# Provided entries:
╭──

lemma kernel_integral_flow_tendsto:
  assumes "0 \<le> z" "z < 1" "0 < Re s"
  shows "kernel N0 s integrable_on {z..1}"
    and "(\<lambda>n. integral {z..flow z (real n)} (kernel N0 s)) \<longlonglongrightarrow> integral {z..1} (kernel N0 s)"
proof -
  let ?g = "\<lambda>v. (\<delta> - \<beta>) powr (- Re (s_hat s) - 1) * (1 - v) powr (Re (s_hat s) - 1)"
  have "(\<lambda>v. (1 - v) powr (Re (s_hat s) - 1)) integrable_on {z..1}"
    using Re_s_hat_pos[OF assms(3)] assms by (intro integrable_on_one_minus_powr) auto
  from integrable_cmul[OF this, where c="(\<delta> - \<beta>) powr (- Re (s_hat s) - 1)"]
  have g_int: "?g integrable_on {z..1}" by (simp only: real_scaleR_def)
  have dom: "norm (kernel N0 s v) \<le> ?g v" if "v \<in> {z..1}" for v
    using that assms by (intro norm_kernel_le) auto
  have sub: "{z..flow z (real n)} \<subseteq> {z..1}" for n
    using flow_bounds(2)[OF assms(1,2), of "real n"] by auto
  have kernel_int: "kernel N0 s integrable_on {z..flow z (real n)}" for n
    using flow_bounds[OF assms(1,2), of "real n"]
    by (intro integrable_continuous_interval continuous_on_subset[OF continuous_on_kernel]) auto
  have exh: "eventually (\<lambda>n. v \<in> {z..flow z (real n)}) sequentially"
    if "v \<in> {z..1}" "kernel N0 s v \<noteq> 0" for v
  proof -
    \<comment> \<open>The kernel vanishes at \<open>1\<close> because \<open>0 powr w = 0\<close>; \<open>1\<close> itself is never reached by the flow.\<close>
    from that have "v < 1" by (cases "v = 1") (auto simp: kernel_def)
    have "(\<lambda>n. exp (\<beta> - \<delta>) ^ n) \<longlonglongrightarrow> 0"
      using birth_less_death by (intro LIMSEQ_power_zero) simp
    then have "(\<lambda>n. (1 - z) * exp ((\<beta> - \<delta>) * real n)) \<longlonglongrightarrow> (1 - z) * 0"
      by (intro tendsto_mult_left) (simp add: exp_of_nat_mult[symmetric] mult.commute)
    then have "eventually (\<lambda>n. (1 - z) * exp ((\<beta> - \<delta>) * real n) < 1 - v) sequentially"
      using \<open>v < 1\<close> by (intro order_tendstoD(2)) auto
    then show ?thesis
    proof eventually_elim
      case (elim n)
      with one_minus_flow_le[of z "real n"] assms have "v \<le> flow z (real n)" by simp
      then show ?case using that by simp
    qed
  qed
  show "kernel N0 s integrable_on {z..1}"
    by (rule dominated_exhaustion(1)[OF sub kernel_int g_int dom exh])
  show "(\<lambda>n. integral {z..flow z (real n)} (kernel N0 s)) \<longlonglongrightarrow> integral {z..1} (kernel N0 s)"
    by (rule dominated_exhaustion(2)[OF sub kernel_int g_int dom exh])
qed
definition R :: "nat \<Rightarrow> real \<Rightarrow> real mat" where
  "R j x = mat_inv (1\<^sub>m (Suc j) - x \<cdot>\<^sub>m T j)"

definition v :: "nat \<Rightarrow> real vec" where
  "v j = vec (Suc j) (\<lambda>i. if i = 0 then 1 else 0)"

definition u20 :: "real \<Rightarrow> real \<Rightarrow> (nat \<Rightarrow> real) \<Rightarrow> real" where
  "u20 a b s = - (a + b) * s 0 + s 1"

definition u2 :: "real \<Rightarrow> real \<Rightarrow> (nat \<Rightarrow> real) \<Rightarrow> nat \<Rightarrow> real vec" where
  "u2 a b s j = vec (Suc j) (\<lambda>i. if i = 0 then u20 a b s else - s_hat a b s (i - 1))"

definition lam :: "real \<Rightarrow> real \<Rightarrow> (nat \<Rightarrow> real) \<Rightarrow> nat \<Rightarrow> real" where
  "lam a b s j = (let w = u2 a b s j + (a * s 0) \<cdot>\<^sub>v v j in
     w \<bullet> ((transpose_mat (R j a) * mat_inv (H2 a b s j) * R j a) *\<^sub>v w))"

definition mu :: "real \<Rightarrow> real \<Rightarrow> (nat \<Rightarrow> real) \<Rightarrow> nat \<Rightarrow> real" where
  "mu a b s j = v j \<bullet> ((transpose_mat (R j a) * mat_inv (K1 b s j) * R j a) *\<^sub>v v j)"

definition l_tilde :: "real \<Rightarrow> real \<Rightarrow> (nat \<Rightarrow> real) \<Rightarrow> nat \<Rightarrow> real" where
  "l_tilde a b s j = (if j = 0 then lam a b s 0 else lam a b s j - lam a b s (j - 1))"

definition m_tilde :: "real \<Rightarrow> real \<Rightarrow> (nat \<Rightarrow> real) \<Rightarrow> nat \<Rightarrow> real" where
  "m_tilde a b s j = (if j = 0 then mu a b s 0 else mu a b s j - mu a b s (j - 1))"

definition D3 :: "real \<Rightarrow> (nat \<Rightarrow> real) \<Rightarrow> real \<Rightarrow> nat \<Rightarrow> real mat" where
  "D3 b s x j = mat (Suc j) (Suc j)
     (\<lambda>(r,c). if r < j then b * s (r + c) - s (r + c + 1) else x ^ c)"

definition e2 :: "real \<Rightarrow> real \<Rightarrow> (nat \<Rightarrow> real) \<Rightarrow> real \<Rightarrow> nat \<Rightarrow> real vec" where
  "e2 a b s x j = row (- (mat_of_rows (Suc j) [u2 a b s j + (x * s 0) \<cdot>\<^sub>v v j]
                          * transpose_mat (R j x))) 0"

definition E2 :: "real \<Rightarrow> real \<Rightarrow> (nat \<Rightarrow> real) \<Rightarrow> real \<Rightarrow> nat \<Rightarrow> real mat" where
  "E2 a b s x j = mat (Suc j) (Suc j)
     (\<lambda>(r,c). if r < j then s_hat a b s (r + c) else e2 a b s x j $ c)"

end

theory Submission
  imports Defs
begin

╰──

# Task description:
Retype every record exactly, omitting nothing.

# Answer section:
lemma kernel_integral_flow_tendsto:
  assumes "0 \<le> z" "z < 1" "0 < Re s"
  shows "kernel N0 s integrable_on {z..1}"
    and "(\<lambda>n. integral {z..flow z (real n)} (kernel N0 s)) \<longlonglongrightarrow> integral {z..1} (kernel N0 s)"
proof -
  let ?g = "\<lambda>v. (\<delta> - \<beta>) powr (- Re (s_hat s) - 1) * (1 - v) powr (Re (s_hat s) - 1)"
  have "(\<lambda>v. (1 - v) powr (Re (s_hat s) - 1)) integrable_on {z..1}"
    using Re_s_hat_pos[OF assms(3)] assms by (intro integrable_on_one_minus_powr) auto
  from integrable_cmul[OF this, where c="(\<delta> - \<beta>) powr (- Re (s_hat s) - 1)"]
  have g_int: "?g integrable_on {z..1}" by (simp only: real_scaleR_def)
  have dom: "norm (kernel N0 s v) \<le> ?g v" if "v \<in> {z..1}" for v
    using that assms by (intro norm_kernel_le) auto
  have sub: "{z..flow z (real n)} \<subseteq> {z..1}" for n
    using flow_bounds(2)[OF assms(1,2), of "real n"] by auto
  have kernel_int: "kernel N0 s integrable_on {z..flow z (real n)}" for n
    using flow_bounds[OF assms(1,2), of "real n"]
    by (intro integrable_continuous_interval continuous_on_subset[OF continuous_on_kernel]) auto
  have exh: "eventually (\<lambda>n. v \<in> {z..flow z (real n)}) sequentially"
    if "v \<in> {z..1}" "kernel N0 s v \<noteq> 0" for v
  proof -
    \<comment> \<open>The kernel vanishes at \<open>1\<close> because \<open>0 powr w = 0\<close>; \<open>1\<close> itself is never reached by the flow.\<close>
    from that have "v < 1" by (cases "v = 1") (auto simp: kernel_def)
    have "(\<lambda>n. exp (\<beta> - \<delta>) ^ n) \<longlonglongrightarrow> 0"
      using birth_less_death by (intro LIMSEQ_power_zero) simp
    then have "(\<lambda>n. (1 - z) * exp ((\<beta> - \<delta>) * real n)) \<longlonglongrightarrow> (1 - z) * 0"
      by (intro tendsto_mult_left) (simp add: exp_of_nat_mult[symmetric] mult.commute)
    then have "eventually (\<lambda>n. (1 - z) * exp ((\<beta> - \<delta>) * real n) < 1 - v) sequentially"
      using \<open>v < 1\<close> by (intro order_tendstoD(2)) auto
    then show ?thesis
    proof eventually_elim
      case (elim n)
      with one_minus_flow_le[of z "real n"] assms have "v \<le> flow z (real n)" by simp
      then show ?case using that by simp
    qed
  qed
  show "kernel N0 s integrable_on {z..1}"
    by (rule dominated_exhaustion(1)[OF sub kernel_int g_int dom exh])
  show "(\<lambda>n. integral {z..flow z (real n)} (kernel N0 s)) \<longlonglongrightarrow> integral {z..1} (kernel N0 s)"
    by (rule dominated_exhaustion(2)[OF sub kernel_int g_int dom exh])
qed
definition R :: "nat \<Rightarrow> real \<Rightarrow> real mat" where
  "R j x = mat_inv (1\<^sub>m (Suc j) - x \<cdot>\<^sub>m T j)"

definition v :: "nat \<Rightarrow> real vec" where
  "v j = vec (Suc j) (\<lambda>i. if i = 0 then 1 else 0)"

definition u20 :: "real \<Rightarrow> real \<Rightarrow> (nat \<Rightarrow> real) \<Rightarrow> real" where
  "u20 a b s = - (a + b) * s 0 + s 1"

definition u2 :: "real \<Rightarrow> real \<Rightarrow> (nat \<Rightarrow> real) \<Rightarrow> nat \<Rightarrow> real vec" where
  "u2 a b s j = vec (Suc j) (\<lambda>i. if i = 0 then u20 a b s else - s_hat a b s (i - 1))"

definition lam :: "real \<Rightarrow> real \<Rightarrow> (nat \<Rightarrow> real) \<Rightarrow> nat \<Rightarrow> real" where
  "lam a b s j = (let w = u2 a b s j + (a * s 0) \<cdot>\<^sub>v v j in
     w \<bullet> ((transpose_mat (R j a) * mat_inv (H2 a b s j) * R j a) *\<^sub>v w))"

definition mu :: "real \<Rightarrow> real \<Rightarrow> (nat \<Rightarrow> real) \<Rightarrow> nat \<Rightarrow> real" where
  "mu a b s j = v j \<bullet> ((transpose_mat (R j a) * mat_inv (K1 b s j) * R j a) *\<^sub>v v j)"

definition l_tilde :: "real \<Rightarrow> real \<Rightarrow> (nat \<Rightarrow> real) \<Rightarrow> nat \<Rightarrow> real" where
  "l_tilde a b s j = (if j = 0 then lam a b s 0 else lam a b s j - lam a b s (j - 1))"

definition m_tilde :: "real \<Rightarrow> real \<Rightarrow> (nat \<Rightarrow> real) \<Rightarrow> nat \<Rightarrow> real" where
  "m_tilde a b s j = (if j = 0 then mu a b s 0 else mu a b s j - mu a b s (j - 1))"

definition D3 :: "real \<Rightarrow> (nat \<Rightarrow> real) \<Rightarrow> real \<Rightarrow> nat \<Rightarrow> real mat" where
  "D3 b s x j = mat (Suc j) (Suc j)
     (\<lambda>(r,c). if r < j then b * s (r + c) - s (r + c + 1) else x ^ c)"

definition e2 :: "real \<Rightarrow> real \<Rightarrow> (nat \<Rightarrow> real) \<Rightarrow> real \<Rightarrow> nat \<Rightarrow> real vec" where
  "e2 a b s x j = row (- (mat_of_rows (Suc j) [u2 a b s j + (x * s 0) \<cdot>\<^sub>v v j]
                          * transpose_mat (R j x))) 0"

definition E2 :: "real \<Rightarrow> real \<Rightarrow> (nat \<Rightarrow> real) \<Rightarrow> real \<Rightarrow> nat \<Rightarrow> real mat" where
  "E2 a b s x j = mat (Suc j) (Suc j)
     (\<lambda>(r,c). if r < j then s_hat a b s (r + c) else e2 a b s x j $ c)"

end

theory Submission
  imports Defs
begin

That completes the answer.